Lived in Ga my entire life and never been to Piedmont NWR. Hope to make some new friends this year.


----------



## snuffy (Aug 20, 2014)

Stop by and say hello. I will let you know what we will be driving when I find out.


----------



## merc123 (Sep 1, 2014)

Got the primitive weapons hunt. It was second choice to first gun hunt.


----------



## RickyB (Sep 1, 2014)

Happy day, I got my permit for the PW hunt as well!

Now I just need to put boots to the ground and figure this place out. Never stepped foot on it and it just me going solo.


----------



## merc123 (Sep 1, 2014)

RickyB said:


> Happy day, I got my permit for the PW hunt as well!
> 
> Now I just need to put boots to the ground and figure this place out. Never stepped foot on it and it just me going solo.



Can't go wrong just about anywhere. Just need to be where the deer are. 

Also pay attention to the paint on the trees. We scouted an area thinking we could hunt it and we found out later we could not. Walking for 45 minutes also doesn't mean that someone won't walk in on you and it only took them 8 minutes to get there.

Unload your gun. No alcohol outside of the camp ground AT ALL.  Not even in a cooler in your truck.  

Check controlled burn areas. You can call them and they will tell you what compartments. 

Get map online. Each section is set up on the map in compartments.  Can't remember the acreage each.  No electric in the camp, not even at pavilion. Showers and bathrooms are nice.


----------



## snuffy (Sep 2, 2014)

Just got my card back. Will be sending the check tomorrow.


----------



## merc123 (Sep 2, 2014)

snuffy said:


> Just got my card back. Will be sending the check tomorrow.



You can call and pay over phone with a card also.


----------



## GarrettD (Sep 2, 2014)

Got drawn for the Nov 6-8 hunt. Never hunted here but heard there are some good deer. Anyone have any luck in the past?


----------



## snuffy (Sep 3, 2014)

merc123 said:


> You can call and pay over phone with a card also.



Thanks,
I will do that today, much easier.

Hope to see you at the checking station.

James


----------



## snuffy (Sep 3, 2014)

GarrettD said:


> Got drawn for the Nov 6-8 hunt. Never hunted here but heard there are some good deer.

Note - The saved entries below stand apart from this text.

(* Let $F$ be a field of characteristic $2$, let $\mathfrak b$ be an anisotropic symmetric bilinear form over $F$, and let $\phi$ be a subform of the quasilinear quadratic form $\phi_{\mathfrak b}$. Then there exists a subform $\mathfrak c$ of $\mathfrak b$ with $\phi_{\mathfrak c}\simeq\phi$, and such a $\mathfrak c$ is unique up to isometry.
   Context: Symmetric bilinear forms are non-degenerate and finite-dimensional; $\phi_{\mathfrak b}(v)=\mathfrak b(v,v)$ is the quadratic form associated to $\mathfrak b$, which is quasilinear ($\phi(v+w)=\phi(v)+\phi(w)$). A subform of a symmetric bilinear form $\mathfrak b$ is a form isometric to an orthogonal summand of $\mathfrak b$. A subform of a quasilinear quadratic form $\phi$ is a quasilinear form $\psi$ with $\phi\simeq\psi\perp\sigma$ for some quasilinear quadratic form $\sigma$. *)

theory Defs
  imports "Jordan_Normal_Form.Matrix" "Jordan_Normal_Form.Determinant"
begin

(* Symmetric bilinear forms on F^n, represented by their Gram matrices.
   By the paper's convention they are non-degenerate. *)
definition sym_bil_form :: "'a::field mat \<Rightarrow> bool" where
  "sym_bil_form B \<longleftrightarrow> B \<in> carrier_mat (dim_row B) (dim_row B) \<and> transpose_mat B = B \<and> det B \<noteq> 0"

definition bil_eval :: "'a::field mat \<Rightarrow> 'a vec \<Rightarrow> 'a vec \<Rightarrow> 'a" where
  "bil_eval B v w = v \<bullet> (B *\<^sub>v w)"

definition bil_anisotropic :: "'a::field mat \<Rightarrow> bool" where
  "bil_anisotropic B \<longleftrightarrow> (\<forall>v \<in> carrier_vec (dim_row B). v \<noteq> 0\<^sub>v (dim_row B) \<longrightarrow> bil_eval B v v \<noteq> 0)"

definition bil_iso :: "'a::field mat \<Rightarrow> 'a mat \<Rightarrow> bool" where
  "bil_iso B C \<longleftrightarrow> dim_row B = dim_row C \<and>
     (\<exists>P \<in> carrier_mat (dim_row B) (dim_row B). invertible_mat P \<and> C = transpose_mat P * B * P)"

definition bil_osum :: "'a::field mat \<Rightarrow> 'a mat \<Rightarrow> 'a mat" where
  "bil_osum C D = four_block_mat C (0\<^sub>m (dim_row C) (dim_row D)) (0\<^sub>m (dim_row D) (dim_row C)) D"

Anyone have any luck in the past?



Check out last years thread.

http://forum.gon.com/showthread.php?t=775547


----------



## tdw3684 (Sep 9, 2014)

There are still permits available for purchase for the PW and 2nd and 3rd gun hunts.  Just fill out the orange card and send in along with a check for 12.50 .  Has to be in by the 19th.


----------



## Rackbuster (Sep 30, 2014)

Snuffy, I plan to be there with my group of 12 or so for the PW hunt. Hope to catch up with you this year.


----------



## snuffy (Oct 1, 2014)

Sounds good.
Looking forward to it.
I will be in a silver Silverado 4X4, with a Harley tag on front and a Harley emblem in the back window.


----------



## Rackbuster (Oct 1, 2014)

I believe that was you last year on the right as you drive in and not too far down the road.


----------



## snuffy (Oct 2, 2014)

Rackbuster said:


> I believe that was you last year on the right as you drive in and not too far down the road.



We didn't camp last your. I live less than an hour away.
Plan to camp this year though.


----------